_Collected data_
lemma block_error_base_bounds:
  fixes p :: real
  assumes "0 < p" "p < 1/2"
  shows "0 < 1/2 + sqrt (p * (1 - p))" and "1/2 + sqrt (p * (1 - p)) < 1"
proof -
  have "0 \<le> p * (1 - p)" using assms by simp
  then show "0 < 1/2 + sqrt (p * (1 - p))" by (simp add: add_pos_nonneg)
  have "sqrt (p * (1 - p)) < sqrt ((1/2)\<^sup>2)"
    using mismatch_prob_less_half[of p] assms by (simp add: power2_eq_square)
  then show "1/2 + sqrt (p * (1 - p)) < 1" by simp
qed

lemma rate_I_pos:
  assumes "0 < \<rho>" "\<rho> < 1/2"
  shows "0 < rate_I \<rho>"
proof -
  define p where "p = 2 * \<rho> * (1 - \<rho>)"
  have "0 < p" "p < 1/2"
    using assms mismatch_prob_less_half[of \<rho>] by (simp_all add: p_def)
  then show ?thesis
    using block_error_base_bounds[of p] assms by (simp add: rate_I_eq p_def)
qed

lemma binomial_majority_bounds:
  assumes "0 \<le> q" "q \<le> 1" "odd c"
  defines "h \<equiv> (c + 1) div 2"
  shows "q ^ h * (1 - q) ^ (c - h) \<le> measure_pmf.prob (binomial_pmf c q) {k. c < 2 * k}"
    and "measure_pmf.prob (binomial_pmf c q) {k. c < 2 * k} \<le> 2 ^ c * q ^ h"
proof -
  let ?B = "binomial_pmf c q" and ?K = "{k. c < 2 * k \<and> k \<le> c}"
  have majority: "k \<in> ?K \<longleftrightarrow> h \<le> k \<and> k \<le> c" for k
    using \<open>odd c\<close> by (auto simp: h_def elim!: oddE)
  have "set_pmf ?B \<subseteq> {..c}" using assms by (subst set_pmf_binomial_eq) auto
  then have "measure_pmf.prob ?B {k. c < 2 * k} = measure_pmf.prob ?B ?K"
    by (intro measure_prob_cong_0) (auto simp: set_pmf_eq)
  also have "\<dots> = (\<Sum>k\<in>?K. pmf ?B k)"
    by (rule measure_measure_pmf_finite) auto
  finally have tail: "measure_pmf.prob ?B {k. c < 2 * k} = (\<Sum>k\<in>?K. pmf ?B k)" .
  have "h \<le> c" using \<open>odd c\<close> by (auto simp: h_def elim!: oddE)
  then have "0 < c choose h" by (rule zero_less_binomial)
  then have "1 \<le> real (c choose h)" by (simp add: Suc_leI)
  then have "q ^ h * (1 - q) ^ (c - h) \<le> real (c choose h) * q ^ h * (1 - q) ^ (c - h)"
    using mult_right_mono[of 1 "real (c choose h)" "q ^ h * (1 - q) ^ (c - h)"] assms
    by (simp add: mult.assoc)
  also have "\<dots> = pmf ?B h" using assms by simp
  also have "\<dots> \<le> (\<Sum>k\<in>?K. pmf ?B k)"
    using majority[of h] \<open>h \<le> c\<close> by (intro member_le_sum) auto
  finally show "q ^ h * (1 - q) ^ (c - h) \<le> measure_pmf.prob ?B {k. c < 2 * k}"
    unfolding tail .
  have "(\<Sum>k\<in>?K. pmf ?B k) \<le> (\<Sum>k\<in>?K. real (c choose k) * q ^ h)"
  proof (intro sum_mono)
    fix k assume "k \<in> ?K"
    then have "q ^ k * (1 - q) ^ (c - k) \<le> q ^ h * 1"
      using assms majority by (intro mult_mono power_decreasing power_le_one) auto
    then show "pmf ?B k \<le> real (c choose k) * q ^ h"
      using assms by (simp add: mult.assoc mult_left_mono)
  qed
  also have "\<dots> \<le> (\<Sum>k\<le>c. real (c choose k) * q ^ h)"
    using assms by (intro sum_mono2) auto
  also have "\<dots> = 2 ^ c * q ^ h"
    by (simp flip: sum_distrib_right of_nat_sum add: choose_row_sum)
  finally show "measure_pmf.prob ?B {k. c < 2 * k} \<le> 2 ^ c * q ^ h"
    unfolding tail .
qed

* * *

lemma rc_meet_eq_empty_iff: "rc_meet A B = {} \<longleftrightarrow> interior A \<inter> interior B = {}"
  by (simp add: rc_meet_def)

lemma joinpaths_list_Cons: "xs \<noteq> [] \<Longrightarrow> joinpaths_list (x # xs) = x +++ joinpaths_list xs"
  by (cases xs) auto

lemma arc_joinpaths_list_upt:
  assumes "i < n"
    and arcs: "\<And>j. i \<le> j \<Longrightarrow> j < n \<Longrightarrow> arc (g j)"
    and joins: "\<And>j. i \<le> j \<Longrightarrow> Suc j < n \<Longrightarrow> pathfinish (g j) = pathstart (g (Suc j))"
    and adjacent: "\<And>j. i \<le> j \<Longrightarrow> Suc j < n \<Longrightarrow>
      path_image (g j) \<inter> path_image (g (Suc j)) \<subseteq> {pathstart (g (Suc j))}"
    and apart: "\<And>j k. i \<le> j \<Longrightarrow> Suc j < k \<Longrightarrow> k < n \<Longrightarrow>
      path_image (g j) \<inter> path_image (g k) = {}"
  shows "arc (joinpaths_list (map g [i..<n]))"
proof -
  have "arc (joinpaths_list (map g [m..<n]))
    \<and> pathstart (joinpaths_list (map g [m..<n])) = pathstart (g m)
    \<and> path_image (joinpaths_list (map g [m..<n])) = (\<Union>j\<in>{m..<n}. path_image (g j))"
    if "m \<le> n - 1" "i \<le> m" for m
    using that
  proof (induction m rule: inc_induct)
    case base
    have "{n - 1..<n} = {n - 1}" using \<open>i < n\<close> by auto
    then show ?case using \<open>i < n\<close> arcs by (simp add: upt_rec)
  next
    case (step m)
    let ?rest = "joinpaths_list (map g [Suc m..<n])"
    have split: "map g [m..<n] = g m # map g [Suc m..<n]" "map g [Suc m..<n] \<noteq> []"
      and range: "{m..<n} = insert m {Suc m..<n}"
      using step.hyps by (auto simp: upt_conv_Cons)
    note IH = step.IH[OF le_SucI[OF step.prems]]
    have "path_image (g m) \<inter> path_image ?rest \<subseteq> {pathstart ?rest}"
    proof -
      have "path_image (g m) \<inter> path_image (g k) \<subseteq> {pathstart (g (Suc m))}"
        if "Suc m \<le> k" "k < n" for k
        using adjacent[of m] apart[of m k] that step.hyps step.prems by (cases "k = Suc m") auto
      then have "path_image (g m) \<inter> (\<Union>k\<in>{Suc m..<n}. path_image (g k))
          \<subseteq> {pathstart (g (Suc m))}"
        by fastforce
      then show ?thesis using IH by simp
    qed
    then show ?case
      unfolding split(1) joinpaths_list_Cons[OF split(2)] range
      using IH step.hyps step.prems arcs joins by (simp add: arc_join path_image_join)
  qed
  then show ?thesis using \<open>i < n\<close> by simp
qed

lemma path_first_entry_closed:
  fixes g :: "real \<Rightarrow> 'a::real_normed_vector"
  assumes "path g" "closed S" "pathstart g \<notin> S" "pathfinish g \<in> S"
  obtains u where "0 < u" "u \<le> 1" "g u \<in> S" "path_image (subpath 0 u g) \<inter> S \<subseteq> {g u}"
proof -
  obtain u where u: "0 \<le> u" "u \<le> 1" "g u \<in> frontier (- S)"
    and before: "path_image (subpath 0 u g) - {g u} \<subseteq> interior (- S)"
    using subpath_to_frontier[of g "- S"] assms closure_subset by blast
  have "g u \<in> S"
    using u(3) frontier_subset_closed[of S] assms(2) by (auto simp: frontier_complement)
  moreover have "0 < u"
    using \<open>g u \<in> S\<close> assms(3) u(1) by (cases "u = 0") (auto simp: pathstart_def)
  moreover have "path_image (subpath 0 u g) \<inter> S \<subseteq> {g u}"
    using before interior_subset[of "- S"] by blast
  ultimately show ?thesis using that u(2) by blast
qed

_What the task asks_
If a line contains the word "apart", it counts; say how many such lines the records hold, and give only that number.

_Solution for this task_
2